Exercise objective =>
From the records below, copy each line that has the word "symmetric" in it.

*** Records for this task

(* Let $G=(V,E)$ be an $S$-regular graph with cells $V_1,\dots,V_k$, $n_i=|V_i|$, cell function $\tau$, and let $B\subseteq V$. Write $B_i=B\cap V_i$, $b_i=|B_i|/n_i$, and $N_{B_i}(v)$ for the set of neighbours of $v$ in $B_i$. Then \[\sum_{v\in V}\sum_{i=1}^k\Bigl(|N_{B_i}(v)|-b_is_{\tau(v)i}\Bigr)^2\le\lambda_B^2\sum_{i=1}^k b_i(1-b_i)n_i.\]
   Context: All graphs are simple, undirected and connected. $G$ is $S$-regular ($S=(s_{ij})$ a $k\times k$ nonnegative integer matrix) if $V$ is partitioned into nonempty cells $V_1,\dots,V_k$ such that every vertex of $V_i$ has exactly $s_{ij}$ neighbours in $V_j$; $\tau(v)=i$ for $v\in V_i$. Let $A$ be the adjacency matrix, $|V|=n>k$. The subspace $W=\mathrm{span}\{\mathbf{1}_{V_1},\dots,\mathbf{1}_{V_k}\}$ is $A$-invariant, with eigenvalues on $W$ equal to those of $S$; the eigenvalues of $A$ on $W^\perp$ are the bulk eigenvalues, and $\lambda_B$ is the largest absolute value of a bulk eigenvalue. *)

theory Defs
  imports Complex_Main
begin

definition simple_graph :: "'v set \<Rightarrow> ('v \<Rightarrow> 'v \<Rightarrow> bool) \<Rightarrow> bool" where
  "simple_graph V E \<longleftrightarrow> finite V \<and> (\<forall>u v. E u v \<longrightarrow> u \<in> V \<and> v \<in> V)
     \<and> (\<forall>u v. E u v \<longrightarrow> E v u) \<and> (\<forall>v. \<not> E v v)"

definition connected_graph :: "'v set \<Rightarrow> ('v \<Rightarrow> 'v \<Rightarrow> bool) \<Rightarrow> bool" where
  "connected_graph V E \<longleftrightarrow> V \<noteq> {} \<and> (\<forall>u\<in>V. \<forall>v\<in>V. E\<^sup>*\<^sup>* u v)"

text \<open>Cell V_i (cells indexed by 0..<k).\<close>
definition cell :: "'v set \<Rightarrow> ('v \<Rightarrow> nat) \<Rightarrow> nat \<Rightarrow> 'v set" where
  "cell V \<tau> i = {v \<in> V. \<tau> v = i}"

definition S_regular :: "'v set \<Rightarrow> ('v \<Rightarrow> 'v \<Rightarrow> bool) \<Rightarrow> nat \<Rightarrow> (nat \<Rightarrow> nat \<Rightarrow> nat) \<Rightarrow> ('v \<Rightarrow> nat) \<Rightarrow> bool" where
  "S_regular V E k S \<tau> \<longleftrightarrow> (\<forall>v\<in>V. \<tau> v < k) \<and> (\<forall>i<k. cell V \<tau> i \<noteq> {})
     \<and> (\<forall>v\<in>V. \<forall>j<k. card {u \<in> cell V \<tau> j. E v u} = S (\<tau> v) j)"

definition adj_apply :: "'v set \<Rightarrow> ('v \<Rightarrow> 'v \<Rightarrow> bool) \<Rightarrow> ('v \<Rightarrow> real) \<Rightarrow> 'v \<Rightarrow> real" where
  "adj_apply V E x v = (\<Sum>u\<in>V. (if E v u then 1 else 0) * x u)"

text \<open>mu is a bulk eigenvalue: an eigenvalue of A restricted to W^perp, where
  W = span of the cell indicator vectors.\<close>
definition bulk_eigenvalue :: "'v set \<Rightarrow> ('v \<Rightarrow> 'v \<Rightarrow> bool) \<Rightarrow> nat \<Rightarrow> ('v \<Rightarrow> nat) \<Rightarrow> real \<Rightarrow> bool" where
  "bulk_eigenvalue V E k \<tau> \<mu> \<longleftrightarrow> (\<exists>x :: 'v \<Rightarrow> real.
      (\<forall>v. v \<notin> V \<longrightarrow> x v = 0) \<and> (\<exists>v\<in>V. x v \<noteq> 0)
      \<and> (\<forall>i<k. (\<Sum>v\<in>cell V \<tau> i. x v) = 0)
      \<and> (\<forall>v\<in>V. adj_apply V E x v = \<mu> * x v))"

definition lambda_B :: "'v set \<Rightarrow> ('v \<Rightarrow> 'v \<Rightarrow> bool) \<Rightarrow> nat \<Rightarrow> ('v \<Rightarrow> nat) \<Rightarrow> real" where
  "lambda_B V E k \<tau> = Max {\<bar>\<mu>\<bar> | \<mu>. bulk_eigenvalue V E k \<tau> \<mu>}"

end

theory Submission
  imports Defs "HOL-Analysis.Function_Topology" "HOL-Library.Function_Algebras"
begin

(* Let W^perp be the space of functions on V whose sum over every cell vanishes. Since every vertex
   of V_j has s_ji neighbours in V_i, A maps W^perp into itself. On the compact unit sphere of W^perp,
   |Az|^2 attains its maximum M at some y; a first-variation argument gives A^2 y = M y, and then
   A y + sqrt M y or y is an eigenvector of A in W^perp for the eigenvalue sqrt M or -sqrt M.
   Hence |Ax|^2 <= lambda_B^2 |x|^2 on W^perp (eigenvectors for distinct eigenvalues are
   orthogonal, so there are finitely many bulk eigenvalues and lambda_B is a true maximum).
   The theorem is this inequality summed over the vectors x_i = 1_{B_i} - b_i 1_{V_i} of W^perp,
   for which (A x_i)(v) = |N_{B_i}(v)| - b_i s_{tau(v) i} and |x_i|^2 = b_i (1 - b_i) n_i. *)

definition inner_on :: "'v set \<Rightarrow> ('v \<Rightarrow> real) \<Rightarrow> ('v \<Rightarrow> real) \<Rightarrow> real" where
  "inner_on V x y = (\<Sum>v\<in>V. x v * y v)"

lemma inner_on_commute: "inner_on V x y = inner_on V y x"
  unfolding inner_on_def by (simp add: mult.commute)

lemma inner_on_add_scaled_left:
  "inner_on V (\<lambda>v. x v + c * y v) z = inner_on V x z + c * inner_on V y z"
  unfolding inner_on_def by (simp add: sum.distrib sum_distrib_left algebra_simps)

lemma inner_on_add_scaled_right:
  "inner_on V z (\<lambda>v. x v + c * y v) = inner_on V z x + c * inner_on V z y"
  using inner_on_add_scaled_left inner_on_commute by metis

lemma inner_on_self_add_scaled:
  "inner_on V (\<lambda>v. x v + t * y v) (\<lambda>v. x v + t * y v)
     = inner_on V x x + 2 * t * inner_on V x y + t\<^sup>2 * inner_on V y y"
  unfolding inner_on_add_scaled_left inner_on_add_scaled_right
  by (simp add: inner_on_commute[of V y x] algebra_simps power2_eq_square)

******
*** Records for this task

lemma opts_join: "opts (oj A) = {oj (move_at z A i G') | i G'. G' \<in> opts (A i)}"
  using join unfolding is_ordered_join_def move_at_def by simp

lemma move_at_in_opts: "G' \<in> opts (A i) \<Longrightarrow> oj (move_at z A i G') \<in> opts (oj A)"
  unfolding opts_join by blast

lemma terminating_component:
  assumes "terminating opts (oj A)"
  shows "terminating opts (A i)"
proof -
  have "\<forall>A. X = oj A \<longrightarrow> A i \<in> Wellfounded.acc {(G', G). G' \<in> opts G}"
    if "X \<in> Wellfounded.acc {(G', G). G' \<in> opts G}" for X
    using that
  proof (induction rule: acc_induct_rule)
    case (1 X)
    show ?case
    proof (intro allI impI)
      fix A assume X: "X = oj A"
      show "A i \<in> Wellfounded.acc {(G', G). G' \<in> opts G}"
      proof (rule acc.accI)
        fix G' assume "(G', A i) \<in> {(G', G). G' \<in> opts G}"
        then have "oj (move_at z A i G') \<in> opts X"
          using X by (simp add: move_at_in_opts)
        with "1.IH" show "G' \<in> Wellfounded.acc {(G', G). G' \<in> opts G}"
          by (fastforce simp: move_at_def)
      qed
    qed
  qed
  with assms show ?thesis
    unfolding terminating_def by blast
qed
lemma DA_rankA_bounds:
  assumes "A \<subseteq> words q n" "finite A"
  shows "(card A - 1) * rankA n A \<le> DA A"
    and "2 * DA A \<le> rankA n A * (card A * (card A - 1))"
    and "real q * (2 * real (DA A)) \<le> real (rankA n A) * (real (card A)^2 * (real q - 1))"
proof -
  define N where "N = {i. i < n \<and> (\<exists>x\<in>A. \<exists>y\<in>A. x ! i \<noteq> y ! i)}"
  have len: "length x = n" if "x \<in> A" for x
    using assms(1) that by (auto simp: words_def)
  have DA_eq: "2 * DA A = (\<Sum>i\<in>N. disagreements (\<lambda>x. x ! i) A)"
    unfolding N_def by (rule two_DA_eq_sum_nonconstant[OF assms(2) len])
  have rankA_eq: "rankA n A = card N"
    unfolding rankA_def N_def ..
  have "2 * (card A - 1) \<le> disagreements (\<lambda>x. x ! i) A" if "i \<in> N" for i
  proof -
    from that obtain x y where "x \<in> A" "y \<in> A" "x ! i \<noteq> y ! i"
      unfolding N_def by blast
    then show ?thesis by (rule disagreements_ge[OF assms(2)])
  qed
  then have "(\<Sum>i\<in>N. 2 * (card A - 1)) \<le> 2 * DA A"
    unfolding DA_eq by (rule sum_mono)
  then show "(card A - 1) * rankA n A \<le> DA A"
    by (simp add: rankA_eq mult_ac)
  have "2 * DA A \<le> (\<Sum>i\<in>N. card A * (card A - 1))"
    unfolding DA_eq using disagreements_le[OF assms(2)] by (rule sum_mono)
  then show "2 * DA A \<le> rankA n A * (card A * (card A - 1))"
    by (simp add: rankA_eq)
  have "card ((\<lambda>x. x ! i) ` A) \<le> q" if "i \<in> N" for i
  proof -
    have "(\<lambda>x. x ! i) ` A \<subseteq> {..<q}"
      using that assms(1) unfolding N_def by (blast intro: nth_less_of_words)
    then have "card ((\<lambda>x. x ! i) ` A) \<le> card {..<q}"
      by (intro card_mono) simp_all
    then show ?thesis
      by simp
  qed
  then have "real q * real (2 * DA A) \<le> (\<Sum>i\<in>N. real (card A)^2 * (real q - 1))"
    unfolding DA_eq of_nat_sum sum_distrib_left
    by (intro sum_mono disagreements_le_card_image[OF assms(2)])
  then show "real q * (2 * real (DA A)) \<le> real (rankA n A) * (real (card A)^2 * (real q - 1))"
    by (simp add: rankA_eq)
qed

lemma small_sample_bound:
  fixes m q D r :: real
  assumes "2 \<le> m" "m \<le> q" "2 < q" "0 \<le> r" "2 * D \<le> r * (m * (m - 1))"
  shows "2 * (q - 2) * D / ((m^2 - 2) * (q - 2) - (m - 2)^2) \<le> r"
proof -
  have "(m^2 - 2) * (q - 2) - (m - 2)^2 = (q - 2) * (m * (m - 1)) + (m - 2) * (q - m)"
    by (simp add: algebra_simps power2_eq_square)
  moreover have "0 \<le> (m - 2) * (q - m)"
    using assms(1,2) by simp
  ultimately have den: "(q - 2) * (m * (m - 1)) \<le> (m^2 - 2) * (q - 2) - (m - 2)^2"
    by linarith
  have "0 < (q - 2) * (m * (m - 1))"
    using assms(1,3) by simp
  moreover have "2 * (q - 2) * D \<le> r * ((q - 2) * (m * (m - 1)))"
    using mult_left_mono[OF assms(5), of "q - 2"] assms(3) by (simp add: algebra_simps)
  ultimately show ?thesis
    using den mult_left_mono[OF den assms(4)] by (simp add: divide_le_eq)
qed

******
*** Records for this task

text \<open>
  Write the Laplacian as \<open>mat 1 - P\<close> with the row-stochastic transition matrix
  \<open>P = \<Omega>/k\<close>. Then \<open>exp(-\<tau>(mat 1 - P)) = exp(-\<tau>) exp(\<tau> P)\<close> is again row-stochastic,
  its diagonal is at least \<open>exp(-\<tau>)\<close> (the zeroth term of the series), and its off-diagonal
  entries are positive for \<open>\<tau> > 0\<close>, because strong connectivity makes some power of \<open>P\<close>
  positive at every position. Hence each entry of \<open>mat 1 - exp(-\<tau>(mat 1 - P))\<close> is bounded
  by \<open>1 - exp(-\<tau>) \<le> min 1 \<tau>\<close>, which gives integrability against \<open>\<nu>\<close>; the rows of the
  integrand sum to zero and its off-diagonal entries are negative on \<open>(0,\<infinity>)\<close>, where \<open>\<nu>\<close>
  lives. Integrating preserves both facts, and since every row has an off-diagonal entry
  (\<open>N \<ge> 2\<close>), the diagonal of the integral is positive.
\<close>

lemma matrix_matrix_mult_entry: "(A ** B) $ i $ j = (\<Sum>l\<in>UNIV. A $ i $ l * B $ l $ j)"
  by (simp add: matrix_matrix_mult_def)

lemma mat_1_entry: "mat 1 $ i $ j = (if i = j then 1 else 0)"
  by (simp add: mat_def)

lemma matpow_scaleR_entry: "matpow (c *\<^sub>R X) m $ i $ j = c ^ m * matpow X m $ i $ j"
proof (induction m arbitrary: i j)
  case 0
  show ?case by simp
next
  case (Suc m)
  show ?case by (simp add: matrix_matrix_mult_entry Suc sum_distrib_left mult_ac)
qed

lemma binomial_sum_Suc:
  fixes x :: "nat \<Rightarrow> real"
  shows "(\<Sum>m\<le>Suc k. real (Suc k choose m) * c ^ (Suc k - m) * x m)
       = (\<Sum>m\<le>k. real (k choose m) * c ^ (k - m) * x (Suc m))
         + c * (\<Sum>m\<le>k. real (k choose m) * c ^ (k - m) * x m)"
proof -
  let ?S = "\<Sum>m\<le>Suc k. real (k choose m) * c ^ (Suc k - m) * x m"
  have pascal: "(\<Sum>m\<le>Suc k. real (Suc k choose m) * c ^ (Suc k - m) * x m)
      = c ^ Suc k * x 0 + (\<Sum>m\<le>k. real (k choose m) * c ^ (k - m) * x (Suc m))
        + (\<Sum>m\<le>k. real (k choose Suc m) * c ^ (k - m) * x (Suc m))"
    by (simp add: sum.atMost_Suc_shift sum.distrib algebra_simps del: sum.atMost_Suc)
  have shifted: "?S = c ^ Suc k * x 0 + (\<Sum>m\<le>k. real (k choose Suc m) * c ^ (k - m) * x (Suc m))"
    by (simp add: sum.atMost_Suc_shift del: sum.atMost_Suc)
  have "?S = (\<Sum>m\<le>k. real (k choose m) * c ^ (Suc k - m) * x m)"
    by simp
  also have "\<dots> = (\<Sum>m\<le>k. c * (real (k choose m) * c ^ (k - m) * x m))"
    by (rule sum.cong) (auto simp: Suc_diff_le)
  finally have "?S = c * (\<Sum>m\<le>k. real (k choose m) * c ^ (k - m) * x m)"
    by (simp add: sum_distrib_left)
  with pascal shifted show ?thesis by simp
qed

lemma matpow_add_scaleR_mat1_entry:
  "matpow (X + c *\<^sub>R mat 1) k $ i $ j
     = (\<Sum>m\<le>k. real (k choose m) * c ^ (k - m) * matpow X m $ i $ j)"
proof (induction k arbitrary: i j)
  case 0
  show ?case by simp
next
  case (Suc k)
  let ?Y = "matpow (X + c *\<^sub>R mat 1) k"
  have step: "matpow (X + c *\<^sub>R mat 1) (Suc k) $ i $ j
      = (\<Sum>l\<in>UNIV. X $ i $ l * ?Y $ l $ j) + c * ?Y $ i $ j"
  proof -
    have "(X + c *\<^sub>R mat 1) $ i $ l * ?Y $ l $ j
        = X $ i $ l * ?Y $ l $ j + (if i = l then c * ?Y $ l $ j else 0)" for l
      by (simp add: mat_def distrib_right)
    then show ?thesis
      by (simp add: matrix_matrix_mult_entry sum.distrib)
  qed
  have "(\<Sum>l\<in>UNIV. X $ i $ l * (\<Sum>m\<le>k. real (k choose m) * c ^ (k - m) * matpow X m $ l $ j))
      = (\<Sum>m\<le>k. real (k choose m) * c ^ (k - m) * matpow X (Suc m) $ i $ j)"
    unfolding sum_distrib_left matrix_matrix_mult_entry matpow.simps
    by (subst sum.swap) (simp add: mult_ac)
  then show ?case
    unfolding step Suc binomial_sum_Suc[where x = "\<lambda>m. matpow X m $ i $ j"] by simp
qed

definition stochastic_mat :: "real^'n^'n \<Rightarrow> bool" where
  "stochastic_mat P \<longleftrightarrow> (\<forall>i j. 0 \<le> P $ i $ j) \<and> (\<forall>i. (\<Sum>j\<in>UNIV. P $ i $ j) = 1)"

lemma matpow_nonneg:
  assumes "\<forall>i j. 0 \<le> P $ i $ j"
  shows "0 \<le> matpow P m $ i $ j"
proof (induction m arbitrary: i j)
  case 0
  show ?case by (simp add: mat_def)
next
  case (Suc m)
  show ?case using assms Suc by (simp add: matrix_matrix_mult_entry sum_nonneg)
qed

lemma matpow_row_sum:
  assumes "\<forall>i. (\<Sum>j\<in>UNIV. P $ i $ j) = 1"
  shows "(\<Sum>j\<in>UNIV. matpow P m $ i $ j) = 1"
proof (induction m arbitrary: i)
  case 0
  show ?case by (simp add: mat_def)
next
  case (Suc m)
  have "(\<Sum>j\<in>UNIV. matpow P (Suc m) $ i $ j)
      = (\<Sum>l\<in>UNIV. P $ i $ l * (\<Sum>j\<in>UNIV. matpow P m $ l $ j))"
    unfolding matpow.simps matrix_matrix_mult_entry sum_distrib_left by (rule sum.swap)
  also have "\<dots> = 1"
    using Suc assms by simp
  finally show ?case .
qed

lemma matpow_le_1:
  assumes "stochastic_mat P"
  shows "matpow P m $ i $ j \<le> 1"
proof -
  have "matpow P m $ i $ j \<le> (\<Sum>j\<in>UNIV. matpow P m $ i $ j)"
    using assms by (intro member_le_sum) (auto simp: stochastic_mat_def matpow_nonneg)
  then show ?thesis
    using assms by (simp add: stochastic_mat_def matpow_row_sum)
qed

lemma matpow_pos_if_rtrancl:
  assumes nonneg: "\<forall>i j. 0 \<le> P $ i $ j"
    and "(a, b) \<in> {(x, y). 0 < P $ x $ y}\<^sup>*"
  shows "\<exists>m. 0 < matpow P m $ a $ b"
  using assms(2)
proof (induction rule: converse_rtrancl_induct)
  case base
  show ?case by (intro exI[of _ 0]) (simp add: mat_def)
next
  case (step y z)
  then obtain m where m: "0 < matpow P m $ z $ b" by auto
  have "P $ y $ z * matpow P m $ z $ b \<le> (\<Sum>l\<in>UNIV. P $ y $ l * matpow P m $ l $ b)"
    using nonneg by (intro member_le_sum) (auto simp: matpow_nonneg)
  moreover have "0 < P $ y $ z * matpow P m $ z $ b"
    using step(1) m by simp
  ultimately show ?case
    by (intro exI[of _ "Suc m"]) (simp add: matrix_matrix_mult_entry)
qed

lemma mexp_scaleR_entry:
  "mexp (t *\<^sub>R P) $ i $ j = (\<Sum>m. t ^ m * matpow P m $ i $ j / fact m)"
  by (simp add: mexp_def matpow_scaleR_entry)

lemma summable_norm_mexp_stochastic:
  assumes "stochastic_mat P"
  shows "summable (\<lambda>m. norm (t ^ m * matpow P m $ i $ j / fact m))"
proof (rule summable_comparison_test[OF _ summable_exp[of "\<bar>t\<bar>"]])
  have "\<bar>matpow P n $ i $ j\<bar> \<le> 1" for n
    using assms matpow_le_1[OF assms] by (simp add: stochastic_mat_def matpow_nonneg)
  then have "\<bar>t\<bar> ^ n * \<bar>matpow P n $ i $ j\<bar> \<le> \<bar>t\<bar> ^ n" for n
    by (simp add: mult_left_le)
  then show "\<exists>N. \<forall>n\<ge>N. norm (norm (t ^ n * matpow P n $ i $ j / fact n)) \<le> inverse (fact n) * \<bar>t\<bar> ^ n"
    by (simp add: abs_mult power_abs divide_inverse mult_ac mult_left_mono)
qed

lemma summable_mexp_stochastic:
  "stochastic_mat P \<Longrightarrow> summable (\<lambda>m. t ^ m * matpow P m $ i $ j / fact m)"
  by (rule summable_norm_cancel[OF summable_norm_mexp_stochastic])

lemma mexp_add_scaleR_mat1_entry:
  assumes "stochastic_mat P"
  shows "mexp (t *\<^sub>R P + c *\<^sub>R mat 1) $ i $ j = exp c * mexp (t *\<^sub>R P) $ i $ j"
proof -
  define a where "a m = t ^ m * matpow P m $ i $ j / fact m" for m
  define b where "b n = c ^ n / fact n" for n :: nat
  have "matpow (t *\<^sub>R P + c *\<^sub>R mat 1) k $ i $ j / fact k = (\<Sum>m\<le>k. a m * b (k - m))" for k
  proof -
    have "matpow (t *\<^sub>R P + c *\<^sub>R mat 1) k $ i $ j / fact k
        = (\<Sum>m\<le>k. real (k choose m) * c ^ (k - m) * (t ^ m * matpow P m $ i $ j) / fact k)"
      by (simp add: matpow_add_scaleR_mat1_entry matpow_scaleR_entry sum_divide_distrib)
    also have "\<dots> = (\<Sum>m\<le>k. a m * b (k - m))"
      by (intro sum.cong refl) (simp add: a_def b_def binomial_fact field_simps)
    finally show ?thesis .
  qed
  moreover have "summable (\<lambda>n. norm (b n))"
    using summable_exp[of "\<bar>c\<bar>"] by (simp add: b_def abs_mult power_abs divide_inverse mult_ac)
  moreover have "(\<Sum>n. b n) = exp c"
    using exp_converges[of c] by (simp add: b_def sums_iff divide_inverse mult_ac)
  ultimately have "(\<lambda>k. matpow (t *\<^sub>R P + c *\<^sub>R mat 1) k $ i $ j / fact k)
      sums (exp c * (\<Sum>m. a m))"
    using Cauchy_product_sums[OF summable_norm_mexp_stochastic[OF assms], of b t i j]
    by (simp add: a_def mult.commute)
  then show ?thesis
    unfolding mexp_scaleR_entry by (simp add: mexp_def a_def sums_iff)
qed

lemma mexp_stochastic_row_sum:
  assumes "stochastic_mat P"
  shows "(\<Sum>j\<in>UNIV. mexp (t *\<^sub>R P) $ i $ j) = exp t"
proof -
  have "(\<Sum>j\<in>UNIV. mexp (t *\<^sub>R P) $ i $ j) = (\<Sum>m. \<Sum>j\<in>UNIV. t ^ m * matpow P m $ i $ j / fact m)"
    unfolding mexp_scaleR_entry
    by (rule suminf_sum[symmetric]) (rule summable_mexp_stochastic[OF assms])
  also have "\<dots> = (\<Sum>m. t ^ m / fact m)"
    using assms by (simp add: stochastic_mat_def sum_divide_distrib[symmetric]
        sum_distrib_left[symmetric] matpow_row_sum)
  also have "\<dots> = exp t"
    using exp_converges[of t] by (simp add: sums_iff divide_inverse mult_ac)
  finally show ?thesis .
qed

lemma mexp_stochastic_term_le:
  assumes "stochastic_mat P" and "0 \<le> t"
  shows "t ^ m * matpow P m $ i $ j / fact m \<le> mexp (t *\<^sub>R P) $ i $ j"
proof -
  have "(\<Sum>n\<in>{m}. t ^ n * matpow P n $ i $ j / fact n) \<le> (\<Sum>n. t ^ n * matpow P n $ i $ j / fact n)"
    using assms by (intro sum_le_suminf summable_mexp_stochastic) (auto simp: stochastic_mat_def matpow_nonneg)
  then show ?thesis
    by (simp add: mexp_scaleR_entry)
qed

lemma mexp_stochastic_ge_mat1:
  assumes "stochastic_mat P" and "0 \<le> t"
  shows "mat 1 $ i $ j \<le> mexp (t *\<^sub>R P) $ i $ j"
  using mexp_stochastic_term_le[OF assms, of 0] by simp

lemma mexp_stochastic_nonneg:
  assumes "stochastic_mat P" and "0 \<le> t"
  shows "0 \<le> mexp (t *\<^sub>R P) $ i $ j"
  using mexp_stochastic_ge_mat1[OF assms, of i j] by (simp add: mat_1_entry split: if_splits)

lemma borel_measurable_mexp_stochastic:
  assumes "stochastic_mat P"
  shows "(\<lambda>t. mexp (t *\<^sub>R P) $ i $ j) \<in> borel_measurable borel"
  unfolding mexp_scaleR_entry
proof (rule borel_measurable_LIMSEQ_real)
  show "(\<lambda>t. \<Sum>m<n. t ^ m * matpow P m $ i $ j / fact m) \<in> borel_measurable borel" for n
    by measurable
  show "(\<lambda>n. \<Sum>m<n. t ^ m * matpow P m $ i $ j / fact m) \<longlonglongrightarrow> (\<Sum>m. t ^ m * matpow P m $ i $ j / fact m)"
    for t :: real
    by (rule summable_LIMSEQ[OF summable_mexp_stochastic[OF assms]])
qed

******

Answer below =>
    by (rule suminf_sum[symmetric]) (rule summable_mexp_stochastic[OF assms])
    using assms by (simp add: stochastic_mat_def sum_divide_distrib[symmetric]
        sum_distrib_left[symmetric] matpow_row_sum)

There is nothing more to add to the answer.